Wild’s Dumba on Hockey Diversity Alliance, getting advice from Kaepernick

Minnesota Wild defenseman Matt Dumba appeared on “Lunch Talk Live” to discuss the formation of the Hockey Diversity Alliance. Dumba detailed much of the HDA’s aims to Mike Tirico, while also noting how Dumba and the rest of the alliance received advice from trailblazer Colin Kaepernick.

“Eradicating racism can’t be on the shoulders of seven guys,” Dumba told Tirico.

Indeed, shortly after the Hockey Diversity Alliance released its statement, people were throwing the net out wider.

From hearing Dumba’s account of a zoom call with Kaepernick, it sounds like the seven members of the Hockey Diversity Alliance were in awe of the former(?) NFL QB. While Dumba was vague about specific advice, he noted that Kaepernick emphasized unity, and finding the right ambassadors.

So far, those seven HDA ambassadors include: co-heads Akim Aliu and Evander Kane, along with executive committee members Dumba, Trevor Daley, Joel Ward, Wayne Simmonds and Chris Stewart.

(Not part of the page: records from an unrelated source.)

lemma qpoch_double:
  "(\<Prod>j=1..N. (1 - q ^ (2 * j - 1)) * (1 + q ^ j)) * qpoch q N = qpoch q (2 * N)"
proof (induction N)
  case (Suc N)
  have square: "(1 + q ^ Suc N) * (1 - q ^ Suc N) = 1 - q ^ Suc (Suc (2 * N))"
    by (simp add: algebra_simps flip: power_add mult_2)
  have "(\<Prod>j=1..Suc N. (1 - q ^ (2 * j - 1)) * (1 + q ^ j)) * qpoch q (Suc N)
      = ((\<Prod>j=1..N. (1 - q ^ (2 * j - 1)) * (1 + q ^ j)) * qpoch q N)
        * (1 - q ^ Suc (2 * N)) * ((1 + q ^ Suc N) * (1 - q ^ Suc N))"
    by (simp add: mult_ac)
  also have "\<dots> = qpoch q (2 * Suc N)"
    unfolding Suc.IH square by simp
  finally show ?case .
qed simp

lemma nonsquare_if_mod_3_eq_2: "m mod 3 = 2 \<Longrightarrow> int m \<noteq> k * k"
  using square_mod_3_neq_2[of k] by (metis of_nat_numeral zmod_int)

lemma overcubic_product_identity:
  "(\<Prod>j=1..N. overcubic_factor j) * (\<Prod>j=1..N. (1 - fps_X ^ (2 * (2 * j - 1))) * (1 + fps_X ^ (2 * j)))
     * (\<Prod>j=1..N. 1 - fps_X ^ (6 * j))
   = (\<Prod>j=1..N. (1 + fps_X ^ (2 * j - 1))\<^sup>2) * qpoch (fps_X\<^sup>2) N * (\<Prod>j=1..N. 1 + fps_X ^ (6 * j))"
proof -
  have "(\<Prod>j=1..N. overcubic_factor j) * (\<Prod>j=1..N. (1 - fps_X ^ (2 * (2 * j - 1))) * (1 + fps_X ^ (2 * j)))
      * (\<Prod>j=1..N. 1 - fps_X ^ (6 * j))
      = (\<Prod>j=1..N. overcubic_factor j
          * ((1 - fps_X ^ (2 * (2 * j - 1))) * (1 + fps_X ^ (2 * j)) * (1 - fps_X ^ (6 * j))))"
    by (simp add: prod.distrib mult_ac)
  also have "\<dots> = (\<Prod>j=1..N. (1 + fps_X ^ (2 * j - 1))\<^sup>2 * (1 - fps_X ^ (2 * j)) * (1 + fps_X ^ (6 * j)))"
    by (intro prod.cong refl overcubic_factor_identity) simp
  also have "\<dots> = (\<Prod>j=1..N. (1 + fps_X ^ (2 * j - 1))\<^sup>2) * qpoch (fps_X\<^sup>2) N * (\<Prod>j=1..N. 1 + fps_X ^ (6 * j))"
    by (simp add: qpoch_def power_mult prod.distrib)
  finally show ?thesis .
qed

Tirico also covered protests, particularly in the Minnesota communities that serve as a second home for Dumba. Dumba said he wishes he could be there to lend his support; in the meantime, Dumba praised J.T. Brown for helping others in the community.

Dumba noted that more Hockey Diversity Alliance announcements could come soon, so that’s exciting.

James O’Brien is a writer for Pro Hockey Talk on NBC Sports. Drop him a line at phtblog@nbcsports.com or follow him on Twitter @cyclelikesedins.

Aliu, Kane form Hockey Diversity Alliance ‘to eradicate racism and intolerance’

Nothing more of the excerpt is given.